* **TASK OBJECTIVE**
Compute the number of lines in the following data that include the word "imports", and output that number alone.

* **MATERIAL FOR THIS TASK**
(* For $A\in\mathcal{M}_s(\mathbb{N}^d)$ the following are equivalent: (i) $A$ has a convolutional inverse; (ii) $A$ is row equivalent to the identity sequence $\mathbbm{I}_s$; (iii) $A$ can be written as the convolution of a finite sequence of elementary matrix sequences.
   Context: $\mathcal{M}_s(\mathbb{N}^d)$ is the set of functions $\mathbb{N}^d\to\mathbb{R}^{s\times s}$, viewed equivalently as $s\times s$ matrices of real sequences on $\mathbb{N}^d$. Convolution: $[A*B](k)=\sum_{l+l'=k,\,l,l'\in\mathbb{N}^d}A(l)B(l')$. $\mathbbm{I}_s(0_d)=I_s$ and $\mathbbm{I}_s(k)=O_s$ for $k\ne0_d$; $A$ has a convolutional inverse if $A*B=B*A=\mathbbm{I}_s$ for some $B$. A real sequence $\alpha$ is convolutionally invertible if it has a convolutional inverse for $s=1$. Elementary row operations: (1) swapping two rows; (2) replacing a row by its entrywise convolution with a convolutionally invertible real sequence; (3) replacing row $j$ by row $j$ plus row $i$ ($i\ne j$) convolved entrywise with a convolutionally invertible real sequence. An elementary matrix sequence is one obtained by a single elementary row operation from $\mathbbm{I}_s$. $A$ and $B$ are row equivalent if one can be obtained from the other by a finite sequence of elementary row operations. *)

theory Defs
  imports "HOL-Analysis.Analysis"
begin

text \<open>Index set N^d is rendered as nat^'d (d = CARD('d)); s x s real matrices as real^'s^'s.
  A matrix sequence is a function nat^'d => real^'s^'s.\<close>

type_synonym ('d, 's) mseq = "nat^'d \<Rightarrow> real^'s^'s"
type_synonym 'd rseq = "nat^'d \<Rightarrow> real"
(* Suppose the budget and utility parameters of users are drawn i.i.d. from a distribution $\mathcal{D}$ such that (i) for each good $j$, $\mathbb{P}_{\mathcal{D}}(u_j>0)>0$, and (ii) the support satisfies $\mathbf{u}\in[\underline{\mathbf{u}},\bar{\mathbf{u}}]$ and $w\in[\underline w,\bar w]$ with $\underline{u},\underline w>0$. Let $\boldsymbol{\pi}$ be the revealed preference pricing policy described below, with allocations $\mathbf{x}_1,\dots,\mathbf{x}_n$. Then for step size $\gamma=\gamma_t=\bar D/\sqrt{n}$ for all $t\in[n]$, for some constant $\bar D>0$, the expected regret satisfies $R_n(\boldsymbol{\pi})\le O(\sqrt n)$ and the expected constraint violation satisfies $V_n(\boldsymbol{\pi})\le O(\sqrt n)$.
   Context: Online Fisher market: $m$ divisible goods, good $j$ with capacity $c_j=nd_j$, $\mathbf{d}>\mathbf{0}$; $n$ users arrive sequentially, user $t$ with budget $w_t$ and utility vector $\mathbf{u}_t$, $(w_t,\mathbf{u}_t)$ i.i.d. from $\mathcal{D}$. Given price $\mathbf{p}^t$, user $t$ consumes an optimal solution $\mathbf{x}_t$ of $\max\mathbf{u}_t^\top\mathbf{x}$ s.t. $(\mathbf{p}^t)^\top\mathbf{x}\le w_t$, $\mathbf{x}\ge\mathbf{0}$. Revealed preference algorithm: initialize $\mathbf{p}^1>\mathbf{0}$; for $t=1,\dots,n$, user $t$ consumes $\mathbf{x}_t$ at price $\mathbf{p}^t$, then $\mathbf{p}^{t+1}=\mathbf{p}^t-\gamma_t(\mathbf{d}-\mathbf{x}_t)$ (no projection). Offline optimum $U_n^*=\max\{\sum_t w_t\log(\sum_j u_{tj}x_{tj}):\sum_t x_{tj}\le c_j\ \forall j,\ x\ge0\}$; $U_n(\boldsymbol{\pi})=\sum_t w_t\log(\mathbf{u}_t^\top\mathbf{x}_t)$; $R_n(\boldsymbol{\pi})=\mathbb{E}[U_n^*-U_n(\boldsymbol{\pi})]$; $V_n(\boldsymbol{\pi})=\mathbb{E}[\|(\sum_t\mathbf{x}_t-\mathbf{c})_+\|_2]$. Asymptotics are as $n\to\infty$ with $m,\mathbf{d},\mathcal{D},\mathbf{p}^1,\bar D$ fixed. *)

theory Defs
  imports "HOL-Probability.Probability"
begin

text \<open>Goods are indexed by a finite type 'm; vectors in R^m are real^'m.
  A user type is a pair (w, u) of budget and utility vector.\<close>

definition optimal_consumption ::
  "real^'m \<Rightarrow> real \<Rightarrow> real^'m \<Rightarrow> real^'m \<Rightarrow> bool" where
  "optimal_consumption p w u x \<longleftrightarrow>
     (\<forall>j. 0 \<le> x $ j) \<and> p \<bullet> x \<le> w \<and>
     (\<forall>y. (\<forall>j. 0 \<le> y $ j) \<and> p \<bullet> y \<le> w \<longrightarrow> u \<bullet> y \<le> u \<bullet> x)"

definition admissible_rule ::
  "(real^'m \<Rightarrow> real \<Rightarrow> real^'m \<Rightarrow> real^'m) \<Rightarrow> bool" where
  "admissible_rule sel \<longleftrightarrow>
     (\<forall>p w u. (\<exists>x. optimal_consumption p w u x) \<longrightarrow> optimal_consumption p w u (sel p w u)) \<and>
     (\<lambda>z. sel (fst z) (fst (snd z)) (snd (snd z))) \<in> borel_measurable borel"

text \<open>Revealed preference prices: users indexed 0,1,...; omega t = (w_t, u_t).
  rp_price ... 0 is the initial price p^1.\<close>

fun rp_price ::
  "(real^'m \<Rightarrow> real \<Rightarrow> real^'m \<Rightarrow> real^'m) \<Rightarrow> real^'m \<Rightarrow> real^'m \<Rightarrow> real
   \<Rightarrow> (nat \<Rightarrow> real \<times> (real^'m)) \<Rightarrow> nat \<Rightarrow> real^'m" where
  "rp_price sel p1 d \<gamma> \<omega> 0 = p1"
| "rp_price sel p1 d \<gamma> \<omega> (Suc t) =
     rp_price sel p1 d \<gamma> \<omega> t
     - \<gamma> *\<^sub>R (d - sel (rp_price sel p1 d \<gamma> \<omega> t) (fst (\<omega> t)) (snd (\<omega> t)))"

definition rp_alloc ::
  "(real^'m \<Rightarrow> real \<Rightarrow> real^'m \<Rightarrow> real^'m) \<Rightarrow> real^'m \<Rightarrow> real^'m \<Rightarrow> real
   \<Rightarrow> (nat \<Rightarrow> real \<times> (real^'m)) \<Rightarrow> nat \<Rightarrow> real^'m" where
  "rp_alloc sel p1 d \<gamma> \<omega> t = sel (rp_price sel p1 d \<gamma> \<omega> t) (fst (\<omega> t)) (snd (\<omega> t))"

text \<open>Offline optimum with capacities c_j = n d_j. Allocations with some
  u_t . x_t \<le> 0 are excluded (their objective is -infinity), which avoids
  Isabelle's convention for ln on nonpositive numbers.\<close>

definition offline_opt :: "real^'m \<Rightarrow> nat \<Rightarrow> (nat \<Rightarrow> real \<times> (real^'m)) \<Rightarrow> real" where
  "offline_opt d n \<omega> = Sup {(\<Sum>t<n. fst (\<omega> t) * ln (snd (\<omega> t) \<bullet> x t)) | x.
       (\<forall>t<n. \<forall>j. 0 \<le> x t $ j) \<and>
       (\<forall>j. (\<Sum>t<n. x t $ j) \<le> real n * d $ j) \<and>
       (\<forall>t<n. 0 < snd (\<omega> t) \<bullet> x t)}"

definition online_util ::
  "(nat \<Rightarrow> real^'m) \<Rightarrow> nat \<Rightarrow> (nat \<Rightarrow> real \<times> (real^'m)) \<Rightarrow> real" where
  "online_util x n \<omega> = (\<Sum>t<n. fst (\<omega> t) * ln (snd (\<omega> t) \<bullet> x t))"

definition violation_vec :: "real^'m \<Rightarrow> (nat \<Rightarrow> real^'m) \<Rightarrow> nat \<Rightarrow> real^'m" where
  "violation_vec d x n = (\<chi> j. max 0 ((\<Sum>t<n. x t $ j) - real n * d $ j))"

definition rp_regret ::
  "(real \<times> (real^'m)) measure \<Rightarrow> (real^'m \<Rightarrow> real \<Rightarrow> real^'m \<Rightarrow> real^'m)
   \<Rightarrow> real^'m \<Rightarrow> real^'m \<Rightarrow> real \<Rightarrow> nat \<Rightarrow> real" where
  "rp_regret D sel p1 d \<gamma> n =
     (\<integral>\<omega>. offline_opt d n \<omega> - online_util (rp_alloc sel p1 d \<gamma> \<omega>) n \<omega>
        \<partial>(PiM {..<n} (\<lambda>_. D)))"

definition rp_violation ::
  "(real \<times> (real^'m)) measure \<Rightarrow> (real^'m \<Rightarrow> real \<Rightarrow> real^'m \<Rightarrow> real^'m)
   \<Rightarrow> real^'m \<Rightarrow> real^'m \<Rightarrow> real \<Rightarrow> nat \<Rightarrow> real" where
  "rp_violation D sel p1 d \<gamma> n =
     (\<integral>\<omega>. norm (violation_vec d (rp_alloc sel p1 d \<gamma> \<omega>) n) \<partial>(PiM {..<n} (\<lambda>_. D)))"

end

theory Submission
  imports Defs
begin

text \<open>The price update is projection-free subgradient descent on the dual of the
  Eisenberg-Gale program. With the per-user dual function
  \<open>dual_value p (w, u) = w ln (u \<bullet> x(p)) + p \<bullet> d - w\<close>, weak duality bounds the offline
  optimum by \<open>\<Sum>t. dual_value p (\<omega> t)\<close> for every fixed price \<open>p\<close>, while the online utility is
  \<open>\<Sum>t. dual_value p\<^sup>t (\<omega> t)\<close> minus \<open>\<Sum>t. p\<^sup>t \<bullet> d - w\<^sub>t \<le> \<Sum>t. p\<^sup>t \<bullet> (d - x\<^sub>t)\<close>, and the latter
  telescopes to \<open>O(1/\<gamma> + \<gamma> n)\<close>. As \<open>p\<^sup>t\<close> only depends on the users before \<open>t\<close>, the expectation
  of \<open>dual_value p\<^sup>t (\<omega> t)\<close> is at least the infimum of the expected dual function, so the
  expected regret is \<open>O(1/\<gamma> + \<gamma> n)\<close>. The cumulative excess demand is
  \<open>(p\<^bsup>n+1\<^esup> - p\<^sup>1) / \<gamma>\<close>, hence \<open>O(1/\<gamma>)\<close>.

  Without projection, all this needs an a priori bound on the prices: \<open>\<Sum>j. 1 / p $ j\<close> stays
  bounded, because once some price is tiny, the user buys a good whose price is within a fixed
  factor of the tiny one in an amount far exceeding its supply, and that price rises by more
  than all the other prices can fall.\<close>

section \<open>Optimal consumption\<close>

lemma optimal_consumption_nonneg: "optimal_consumption p w u x \<Longrightarrow> 0 \<le> x $ j"
  unfolding optimal_consumption_def by blast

* **ANSWER TO THE EXERCISE**
3